I think the "Blacklist" is the most important part of this, because it's about not injecting web3 on domains we conflict with. Other domains that should be included are:

  • dropbox.com

(That's the one I know of right now)

Just curious: What's the issue with dropbox?

@danfinlay Okay. will do that. Please do review my PR once to see the approach.

Just curious: What's the issue with dropbox?

I'm surprised there's no issue for it, but at one point at least we interfered with dropbox.

Okay. will do that. Please do review my PR once to see the approach.

Reviewed PR, I think this is good enough to merge as an MVP, but I would like you to switch the naming from "whitelist" to "blacklist", because that's what it is.

Merged this fix into master, the blacklist will be enabled for this site on the next release.

@SaptakS You can go on GitCoin now and claim the bounty and we'll pay it out.

This is fantastic news. Thank you so much!

Hi @mlissner go ahead and click submit work on Gitcoin and we'll be able to pay out!

Hi @danfinlay @vs77bb I am unable to submit work since it says I will be needing some ether to do so. Not sure.

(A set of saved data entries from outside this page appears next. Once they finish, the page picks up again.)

(* The set consisting of the NOR gate and fanout gates (with any number of outputs) parsimoniously simulates, via planar simulations, each of the OR gate, the AND gate, and the crossover.
   Context: A gadget consists of a finite set of ports, equipped with a cyclic order, and a constraint, which is a set of subsets of the ports. A network of gadgets from $S$ is a finite undirected multigraph whose vertices are labeled by gadgets from $S$, each vertex's edge incidences being in bijection with the ports of its label. An assignment orients every edge; a vertex is satisfied if the set of its ports whose edges point into it belongs to its constraint. A simulation using gadgets from $S$ is a network of gadgets from $S$ that may additionally have dangling edges, each incident to only one vertex (equivalently, an extra outside-world vertex whose constraint contains every subset). It is planar if the graph including the outside world has a planar embedding respecting the port cyclic orders; the simulated gadget's ports are then the dangling edges in their order around the simulation. The simulated gadget's constraint consists of each set $D$ of dangling edges such that some assignment satisfying every non-outside-world vertex makes exactly the dangling edges in $D$ point into the simulation. A simulation is parsimonious if for each set in the simulated gadget's constraint there is exactly one such satisfying assignment realizing it; $S$ parsimoniously simulates $G$ if some parsimonious simulation using gadgets from $S$ has simulated gadget $G$. Gadgets: NOR gate: ports $a,b,c$, constraint $\{\emptyset,\{a,c\},\{b,c\},\{a,b,c\}\}$. $k$-way fanout gate: ports $a,c_1,\dots,c_k$, constraint $\{\{a\},\{c_1,\dots,c_k\}\}$. OR gate: ports $a,b,c$, constraint $\{\{c\},\{a\},\{b\},\{a,b\}\}$. AND gate: ports $a,b,c$, constraint $\{\{c\},\{a,c\},\{b,c\},\{a,b\}\}$. Crossover: ports $a_1,b_1,a_2,b_2$ in this cyclic order, constraint $\{\{a_1,b_1\},\{a_2,b_1\},\{a_1,b_2\},\{a_2,b_2\}\}$. *)

theory Defs
  imports Main
begin

text \<open>A gadget with k ports: the ports are 0,...,k-1, listed in their cyclic order.
  The constraint is a set of subsets of the ports.\<close>
record gadget =
  arity :: nat
  cons :: "nat set set"

definition NOR_gate :: gadget where
  "NOR_gate = \<lparr> arity = 3, cons = {{}, {0,2}, {1,2}, {0,1,2}} \<rparr>"

text \<open>k-way fanout: port a = 0, outputs c_1..c_k = 1..k.\<close>
definition fanout_gate :: "nat \<Rightarrow> gadget" where
  "fanout_gate k = \<lparr> arity = Suc k, cons = {{0}, {1..k}} \<rparr>"

definition OR_gate :: gadget where
  "OR_gate = \<lparr> arity = 3, cons = {{2}, {0}, {1}, {0,1}} \<rparr>"

definition AND_gate :: gadget where
  "AND_gate = \<lparr> arity = 3, cons = {{2}, {0,2}, {1,2}, {0,1}} \<rparr>"

text \<open>Crossover: ports a1=0, b1=1, a2=2, b2=3 in this cyclic order.\<close>
definition crossover :: gadget where
  "crossover = \<lparr> arity = 4, cons = {{0,1}, {2,1}, {0,3}, {2,3}} \<rparr>"

text \<open>A dart (half-edge) is a pair (vertex, port). The multigraph is given by a
  fixed-point-free involution mate on the darts, pairing the two ends of each edge.
  Dangling edges are the edges with one end at Out.\<close>
datatype vtx = Out | In nat

record simulation =
  nverts :: nat
  lab :: "nat \<Rightarrow> gadget"
  nout :: nat
  mate :: "vtx \<times> nat \<Rightarrow> vtx \<times> nat"

fun ar :: "simulation \<Rightarrow> vtx \<Rightarrow> nat" where
  "ar s Out = nout s"
| "ar s (In v) = arity (lab s v)"

definition verts :: "simulation \<Rightarrow> vtx set" where
  "verts s = insert Out (In ` {..<nverts s})"

definition darts :: "simulation \<Rightarrow> (vtx \<times> nat) set" where
  "darts s = {(x, i). x \<in> verts s \<and> i < ar s x}"

definition wf_sim :: "gadget set \<Rightarrow> simulation \<Rightarrow> bool" where
  "wf_sim S s \<longleftrightarrow>
     (\<forall>v < nverts s. lab s v \<in> S) \<and>
     (\<forall>d \<in> darts s. mate s d \<in> darts s \<and> mate s (mate s d) = d \<and> mate s d \<noteq> d) \<and>
     (\<forall>i < nout s. fst (mate s (Out, i)) \<noteq> Out)"

text \<open>An assignment is given by the set A of darts at which the edge points into the
  incident vertex; every edge is oriented in exactly one direction.\<close>
definition assignment :: "simulation \<Rightarrow> (vtx \<times> nat) set \<Rightarrow> bool" where
  "assignment s A \<longleftrightarrow> A \<subseteq> darts s \<and> (\<forall>d \<in> darts s. (d \<in> A) \<noteq> (mate s d \<in> A))"

definition satisfying :: "simulation \<Rightarrow> (vtx \<times> nat) set \<Rightarrow> bool" where
  "satisfying s A \<longleftrightarrow> assignment s A \<and>
     (\<forall>v < nverts s. {i. (In v, i) \<in> A} \<in> cons (lab s v))"

text \<open>Dangling edges pointing into the simulation (i.e. out of the outside world).\<close>
definition into_sim :: "simulation \<Rightarrow> (vtx \<times> nat) set \<Rightarrow> nat set" where
  "into_sim s A = {i. i < nout s \<and> (Out, i) \<notin> A}"

definition sim_cons :: "simulation \<Rightarrow> nat set set" where
  "sim_cons s = {D. \<exists>A. satisfying s A \<and> D = into_sim s A}"

definition parsimonious :: "simulation \<Rightarrow> bool" where
  "parsimonious s \<longleftrightarrow> (\<forall>D \<in> sim_cons s. \<exists>!A. satisfying s A \<and> into_sim s A = D)"

text \<open>The simulated gadget has ports 0..nout-1 (the dangling edges in their cyclic order
  around the outside world vertex); it equals G up to a cyclic relabelling of ports.\<close>
definition simulates :: "simulation \<Rightarrow> gadget \<Rightarrow> bool" where
  "simulates s G \<longleftrightarrow> arity G = nout s \<and>
     (\<exists>r. cons G = (\<lambda>D. (\<lambda>i. (i + r) mod nout s) ` D) ` sim_cons s)"

text \<open>The port cyclic orders give a rotation system; faces are the orbits of
  rotation composed with mate. Planarity respecting the rotation system is the
  Euler condition V - E + F = 2C (each component has genus 0); an isolated vertex
  counts as one face.\<close>
definition rot :: "simulation \<Rightarrow> vtx \<times> nat \<Rightarrow> vtx \<times> nat" where
  "rot s d = (fst d, Suc (snd d) mod ar s (fst d))"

Hi @mlissner go ahead and click submit work on Gitcoin and we'll be able to pay out!

Um, I don't know what Gitcoin is.....kinda feel like I'm not the person for this task and that I'd screw it up?

@mlissner My apologies - yes, a typo. Thank you @lazaridiscom for noting - much appreciated.

@SaptakS Check out gitcoin.co/faucet and make a submission. We'll send you some ETH for your initial transaction and then will accept your submission for this bounty!